Dacia Maraini nell'editoriale pubblicato a pagina 38 del CORRIERE della SERA invoca "la voce della ragione" nel conflitto tra Israele e Hamas, ma si guarda bene dal suggerire una soluzione concreta che consenta a uno Stato che, come Israele, è aggredito dal terrorismo islamista di difendersi senza sparare un colpo.

Ecco il testo,  "Sopra bombe e aerei la voce della ragione "

Si è parlato molto di questa guerra atroce. Si preferirebbe tacere. Eppure il sentimento di impotenza ci spinge a parlarne ancora. Sperando che tante voci possono diventare un coro. E' sempre flebile, quasi inudibile il suono del dissenso, della critica rispetto allo strepito degli aerei e delle bombe. Ma nondimeno, chi crede nel dialogo e nella pace ha il dovere di continuare a parlare, a dissentire, perché chi tace si fa complice, anche non volendo.
«Ho sempre combattuto Hamas, ma non ho mai pensato che la sua sconfitta potesse venire da una prova di forza militare», dichiara Hanan Ashrawi, più volte ministra dell'Anp, prima donna portavoce della Lega Araba, paladina dei diritti umani nei Territori. «Già in passato Israele ha provato a decapitare la leadership di Hamas, assassinando il suo stesso fondatore (lo sceicco Ahmed Yassin, nota la redazione del Centro Ricerca per la Pace). Il risultato è stato il rafforzamento di Hamas. Israele aveva una carta da giocare per sconfiggere veramente Hamas: realizzare una pace giusta, fondata sulle risoluzioni Onu».
Dall'altra parte sentiamo le parole di un israeliano che non crede nelle armi: Avraham Burg, autore di un saggio apparso su «Haaretz» il 5 gennaio di quest'anno dal titolo «Perché l'Occidente non può vincere» (oggi pubblicato da Neri Pozza), dopo avere dimostrato che nessuna delle tante guerre degli ultimi cinquant'anni è stata mai veramente vinta, conclude: «Sembra pertanto che nella guerra di Gaza la leadership d'Israele sia destinata a fallire nel nostro nome: esattamente come i leader religiosi dei palestinesi, che stanno conducendo la loro gente verso un altro fallimento, radicato nell'ignorare la metamorfosi del concetto di vittoria, che non implica più sottomissione, ma apertura di discorso, non mattanza, ma costruzione di ponti. Come ponti furono alla fine gettati sopra le acque tempestose tra Pearl Harbour e Hiroshima, tra Dresda e Londra, e tra la Dublino cattolica e quella protestante, così vi è già un ponte tra Sderot e Gaza. Coloro che non intendono camminarvi sopra condurranno le loro nazioni al fallimento in tutte le loro guerre».
Le immagini che il mondo osserva in questi giorni, sui morti di Gaza, in maggioranza civili, non possono che rinvigorire il fanatismo islamico, non possono che creare sentimenti frustrati di vendetta.
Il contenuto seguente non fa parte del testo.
(* Let $A$ be a locally uniformly convex normed vector space over $\mathbb C$ and give $A^\vee$ the dual norm. Then on $\mathrm{Max}\,A$ the lower Vietoris topology coincides with the topology generated by the sets $\{V\in\mathrm{Max}\,A: d(\phi,F(V))>r\}$, $\phi\in A^\vee$, $r>0$.
   Context: $\mathrm{Max}\,A$ is the set of closed subspaces of $A$; its lower Vietoris topology is generated by $\{V:V\cap U\ne\emptyset\}$, $U\subset A$ open. $F(V)=\{\phi\in A^\vee:\phi|_V=0\}$ and $d$ is the distance in the dual norm. $A$ is locally uniformly convex if for all $a\in A$ and sequences $(a_n)$ in $A$, $\lim(2\|a\|^2+2\|a_n\|^2-\|a+a_n\|^2)=0$ implies $\lim\|a-a_n\|=0$. *)

theory Defs
  imports "HOL-Analysis.Analysis"
begin

definition complex_normed_structure :: "(complex \<Rightarrow> 'a::real_normed_vector \<Rightarrow> 'a) \<Rightarrow> bool" where
  "complex_normed_structure smul \<longleftrightarrow>
     (\<forall>r x. smul (complex_of_real r) x = r *\<^sub>R x) \<and>
     (\<forall>a b x. smul (a + b) x = smul a x + smul b x) \<and>
     (\<forall>a x y. smul a (x + y) = smul a x + smul a y) \<and>
     (\<forall>a b x. smul (a * b) x = smul a (smul b x)) \<and>
     (\<forall>a x. norm (smul a x) = cmod a * norm x)"

definition loc_unif_convex :: "'a::real_normed_vector itself \<Rightarrow> bool" where
  "loc_unif_convex _ \<longleftrightarrow>
     (\<forall>(a::'a) an. (\<lambda>n. 2 * (norm a)\<^sup>2 + 2 * (norm (an n))\<^sup>2 - (norm (a + an n))\<^sup>2) \<longlonglongrightarrow> 0
        \<longrightarrow> (\<lambda>n. norm (a - an n)) \<longlonglongrightarrow> 0)"

definition cdual :: "(complex \<Rightarrow> 'a::real_normed_vector \<Rightarrow> 'a) \<Rightarrow> ('a \<Rightarrow> complex) set" where
  "cdual smul = {\<phi>. (\<forall>x y. \<phi> (x + y) = \<phi> x + \<phi> y) \<and> (\<forall>c x. \<phi> (smul c x) = c * \<phi> x)
                   \<and> (\<exists>K. \<forall>x. cmod (\<phi> x) \<le> K * norm x)}"

definition MaxA :: "(complex \<Rightarrow> 'a::real_normed_vector \<Rightarrow> 'a) \<Rightarrow> 'a set set" where
  "MaxA smul = {V. closed V \<and> 0 \<in> V \<and> (\<forall>x\<in>V. \<forall>y\<in>V. x + y \<in> V) \<and> (\<forall>c. \<forall>x\<in>V. smul c x \<in> V)}"

definition annih :: "(complex \<Rightarrow> 'a::real_normed_vector \<Rightarrow> 'a) \<Rightarrow> 'a set \<Rightarrow> ('a \<Rightarrow> complex) set" where
  "annih smul V = {\<psi> \<in> cdual smul. \<forall>v\<in>V. \<psi> v = 0}"

definition dual_dist :: "('a::real_normed_vector \<Rightarrow> complex) \<Rightarrow> ('a \<Rightarrow> complex) set \<Rightarrow> real" where
  "dual_dist \<phi> S = Inf {onorm (\<lambda>x. \<phi> x - \<psi> x) | \<psi>. \<psi> \<in> S}"

definition topology_on_generated :: "'b set \<Rightarrow> 'b set set \<Rightarrow> 'b topology" where
  "topology_on_generated X S = topology_generated_by (insert X S)"

end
Questo l'hanno capito benissimo i tanti intellettuali, i tanti studenti, le tante associazioni israeliane che in questi giorni stanno chiedendo altri modi per combattere Hamas e i suoi missili.
Abbiamo visto quello che è successo in Iraq con la inutile guerra di Bush. Ci sono voluti anni, ma infine la maggioranza degli americani ha capito quanto fosse nociva per il Paese quella guerra. Come se si potesse imporre la democrazia con le bombe, come se si potesse risolvere il terrorismo con i fucili e la tortura.